George Anderson (lahir 1952). Media ingat bahwa ia memperoleh hadiahnya di masa kecil, setelah menderita cacar air. Benar, pada awalnya, manifestasi bakat terhambat oleh religiusitas. Dalam sistem kepercayaan, tidak ada tempat untuk kemampuan paranormal seperti itu. Hadiah seperti itu bahkan dianggap oleh orang dewasa sebagai halusinasi. Sejak pertengahan 1970-an, medium mulai aktif menggunakan kemampuannya. Anderson mendengar suara di kepalanya, dan kemudian jiwa-jiwa mulai mengirimkan pesan mereka melaluinya. Pada saat yang sama, keakuratan informasi mencapai 85%. Pada tahun 1982, George menjadi media pertama yang menggunakan waktunya untuk kabel. Sejak 1991, Anderson berada di bawah pengawasan ilmuwan. Media berhasil melewati semua tes, membuktikan kemampuannya. Ini membawanya ketenaran internasional. Pesan-pesan Anderson telah dikompilasi menjadi buku terlaris We Don't Die. Percakapan George Anderson dengan Dunia Lain. Pada tahun 1997, buku "Anak-anak tetap selamanya" diterbitkan, di mana media berbicara tentang pengalamannya berkomunikasi dengan anak-anak yang mati. Dalam "Lessons of Truth" 1999, Anderson berbicara tentang kehidupan setelah kematian, memberi tahu apa yang menanti kita setelah kematian, memberi nasihat tentang kehidupan yang benar. A Walk in the Garden of the Soul, yang diterbitkan pada tahun 2001, melanjutkan tema ini. Sejak 2004, media tidak lagi muncul di media, memberikan semua dirinya untuk bekerja di organisasi nirlaba.

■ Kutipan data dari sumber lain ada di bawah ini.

(* Let $\mathcal{A}=M_n(\mathbb{C}[x_1,\dots,x_d])$ be the $*$-algebra of $n\times n$ matrices with polynomial entries, and for $k\in\mathbb{N}$ let $\mathcal{A}_k=\mathrm{Lin}\{x^\alpha e_{ij}:|\alpha|\le k,\ i,j=1,\dots,n\}$. Let $m\in\mathbb{N}$, $\mathcal{B}=\mathcal{A}_m$, $\mathcal{C}=\mathcal{A}_{m+1}$, and let $L$ be a positive linear functional on $\mathcal{C}^2=\mathcal{A}_{2m+2}$ which is a flat extension with respect to $\mathcal{B}$. Then there exist $r\in\mathbb{N}$, points $t_1,\dots,t_r\in\mathbb{R}^d$ and vectors $u_i=(u_{1i},\dots,u_{ni})\in\mathbb{C}^n$, $i=1,\dots,r$, such that $$L((p_{jk}))=\sum_{j,k=1}^n\sum_{i=1}^r p_{jk}(t_i)\,u_{ki}\,\overline{u_{ji}}\quad\text{for all }(p_{jk})\in\mathcal{A}_{2m+2}.$$
   Context: The involution on $\mathcal{A}$ is conjugate transpose, with the variables $x_l$ hermitian (polynomial coefficients conjugated); $e_{ij}$ are the matrix units, $e_{ij}^*=e_{ji}$, and $x^\alpha e_{ij}$ is the matrix with entry $x^\alpha$ in position $(i,j)$ and $0$ elsewhere. For a $*$-invariant subspace $\mathcal{C}\ni1$, $\mathcal{C}^2:=\mathrm{Lin}\{ab:a,b\in\mathcal{C}\}$. A linear functional $L$ on $\mathcal{C}^2$ is positive if $L(a^*a)\ge0$ for $a\in\mathcal{C}$; $K_L(\mathcal{C}):=\{a\in\mathcal{C}:L(b^*a)=0\ \forall b\in\mathcal{C}\}$; $L$ is a flat extension with respect to $\mathcal{B}\subseteq\mathcal{C}$ if $\mathcal{C}=\mathcal{B}+K_L(\mathcal{C})$. *)

theory Defs
  imports Complex_Main
begin

text \<open>Elements of M_n(C[x_1..x_d]) are encoded by coefficient functions:
  p alpha i j = coefficient of x^alpha in the (i,j) entry (indices i,j < n, variables l < d,
  multi-indices alpha :: nat => nat supported in {..<d}).\<close>

type_synonym mpmat = "(nat \<Rightarrow> nat) \<Rightarrow> nat \<Rightarrow> nat \<Rightarrow> complex"

definition multi_idx :: "nat \<Rightarrow> nat \<Rightarrow> (nat \<Rightarrow> nat) set" where
  "multi_idx d k = {\<alpha>. (\<forall>l. d \<le> l \<longrightarrow> \<alpha> l = 0) \<and> (\<Sum>l<d. \<alpha> l) \<le> k}"

definition Ak :: "nat \<Rightarrow> nat \<Rightarrow> nat \<Rightarrow> mpmat set" where
  "Ak n d k = {p. \<forall>\<alpha> i j. p \<alpha> i j \<noteq> 0 \<longrightarrow> \<alpha> \<in> multi_idx d k \<and> i < n \<and> j < n}"

definition mpmult :: "nat \<Rightarrow> mpmat \<Rightarrow> mpmat \<Rightarrow> mpmat" where
  "mpmult n p q = (\<lambda>\<alpha> i j. \<Sum>l<n. \<Sum>\<beta>\<in>{\<beta>. \<forall>x. \<beta> x \<le> \<alpha> x}.
       p \<beta> i l * q (\<lambda>x. \<alpha> x - \<beta> x) l j)"

text \<open>Involution: conjugate transpose, variables hermitian.\<close>
definition mpstar :: "mpmat \<Rightarrow> mpmat" where
  "mpstar p = (\<lambda>\<alpha> i j. cnj (p \<alpha> j i))"

definition mpadd :: "mpmat \<Rightarrow> mpmat \<Rightarrow> mpmat" where
  "mpadd p q = (\<lambda>\<alpha> i j. p \<alpha> i j + q \<alpha> i j)"

definition mpscale :: "complex \<Rightarrow> mpmat \<Rightarrow> mpmat" where
  "mpscale c p = (\<lambda>\<alpha> i j. c * p \<alpha> i j)"

definition lin_on :: "mpmat set \<Rightarrow> (mpmat \<Rightarrow> complex) \<Rightarrow> bool" where
  "lin_on V L \<longleftrightarrow> (\<forall>a\<in>V. \<forall>b\<in>V. L (mpadd a b) = L a + L b) \<and>
                   (\<forall>c. \<forall>a\<in>V. L (mpscale c a) = c * L a)"

definition positive_on :: "nat \<Rightarrow> mpmat set \<Rightarrow> (mpmat \<Rightarrow> complex) \<Rightarrow> bool" where
  "positive_on n C L \<longleftrightarrow> (\<forall>a\<in>C. Im (L (mpmult n (mpstar a) a)) = 0 \<and>
                                    Re (L (mpmult n (mpstar a) a)) \<ge> 0)"

definition kernelL :: "nat \<Rightarrow> mpmat set \<Rightarrow> (mpmat \<Rightarrow> complex) \<Rightarrow> mpmat set" where
  "kernelL n C L = {a\<in>C. \<forall>b\<in>C. L (mpmult n (mpstar b) a) = 0}"

definition flat_ext :: "nat \<Rightarrow> mpmat set \<Rightarrow> mpmat set \<Rightarrow> (mpmat \<Rightarrow> complex) \<Rightarrow> bool" where
  "flat_ext n B C L \<longleftrightarrow> (\<forall>c\<in>C. \<exists>b\<in>B. \<exists>k\<in>kernelL n C L. c = mpadd b k)"

definition mpeval :: "nat \<Rightarrow> nat \<Rightarrow> mpmat \<Rightarrow> nat \<Rightarrow> nat \<Rightarrow> (nat \<Rightarrow> real) \<Rightarrow> complex" where
  "mpeval d k p i j t = (\<Sum>\<alpha>\<in>multi_idx d k. p \<alpha> i j * (\<Prod>l<d. complex_of_real (t l) ^ \<alpha> l))"

end

theory Submission
  imports Defs "HOL-Library.Function_Algebras" "HOL-Library.FuncSet" "HOL-Computational_Algebra.Fundamental_Theorem_Algebra"
begin

text \<open>The form \<open>\<langle>a, b\<rangle> = L(b\<^sup>* a)\<close> is positive semidefinite on \<open>\<C> = \<A>\<^sub>m\<^sub>+\<^sub>1\<close>, and flatness
  says every element of \<open>\<C>\<close> agrees with one of \<open>\<B> = \<A>\<^sub>m\<close> modulo the null space of the form.
  Reducing \<open>x\<^sub>l b\<close> (\<open>b \<in> \<B>\<close>) back into \<open>\<B>\<close> modulo null vectors yields commuting operators
  \<open>T\<^sub>l\<close> on \<open>\<B>\<close> that are symmetric for the form. A finite-dimensional family of commuting
  symmetric operators has an orthonormal basis of joint eigenvectors \<open>e\<^sub>i\<close> modulo null vectors,
  with real eigenvalues \<open>t\<^sub>i \<in> \<real>\<^sup>d\<close>. On \<open>e\<^sub>i\<close> every monomial of degree \<open>\<le> m + 1\<close> acts as
  evaluation at \<open>t\<^sub>i\<close>, and writing \<open>x\<^sup>\<alpha> e\<^sub>j\<^sub>k = (x\<^sup>\<beta> e\<^sub>0\<^sub>j)\<^sup>* (x\<^sup>\<gamma> e\<^sub>0\<^sub>k)\<close> with \<open>|\<beta>|, |\<gamma>| \<le> m + 1\<close>
  and expanding in the basis gives \<open>L\<close> as the sum of point evaluations at the \<open>t\<^sub>i\<close> with
  weight vectors \<open>u\<^sub>k\<^sub>i = \<langle>e\<^sub>0\<^sub>k, e\<^sub>i\<rangle>\<close>.\<close>

lemma exists_Suc_transition:
  assumes "P 0" "\<not> P D"
  shows "\<exists>i<D. P i \<and> \<not> P (Suc i)"
  using assms by (induction D) (auto simp: less_Suc_eq)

Sylvia Brown (lahir 1936). Ini adalah salah satu media paling dihormati yang hidup di zaman kita. Wanita yang energik sangat dekat dengan orang-orang. Lagi pula, bukunya sering diterbitkan dan memiliki berbagai pembaca. Sylvia lahir di Kansas. Saya harus mengatakan bahwa sejak kecil dia dikelilingi oleh orang-orang dengan hadiah yang tidak biasa. Neneknya Ada juga seorang medium dan tabib. Gadis itu menunjukkan bakatnya pada usia tiga tahun. Dia mengatakan bahwa dia suka pergi ke perusahaan besar, diam-diam memperhatikan siapa yang sakit dengan apa, yang memiliki masalah dalam keluarga. Sylvia selalu menggunakan bakatnya untuk kepentingan orang. Pada tahun 1964, ia menyadari bahwa ia dapat menggunakan peluang yang tidak biasa. Brown pindah ke California, di mana ia memasuki lingkaran kekasih paranormal. Pada 1970-an, Sylvia menjadi terkenal sebagai media latihan. Untuk memfasilitasi pengalamannya, dia sendiri menciptakan sebuah organisasi yang disebut Society of the New Spirit. Dia mengajarkan bahwa jiwa mengalami kematian, Tuhan ada, perlu untuk menciptakan persatuan orang yang penuh kasih, menolak prasangka. Selama bertahun-tahun, Brown melayani sebagai saluran untuk transmisi pesan dari roh bernama Francine. Berkat dia, media menerima jawaban untuk banyak pertanyaan, yang berfungsi sebagai bahan untuk buku dan ceramah. Pada tahun 1989, buku media yang pertama diterbitkan, di mana ia memberi tahu pembaca saran tentang cara melihat secara mandiri ke dunia lain. Sylvia dicintai oleh CMT, dia berhasil menunjukkan bakatnya di acara televisi.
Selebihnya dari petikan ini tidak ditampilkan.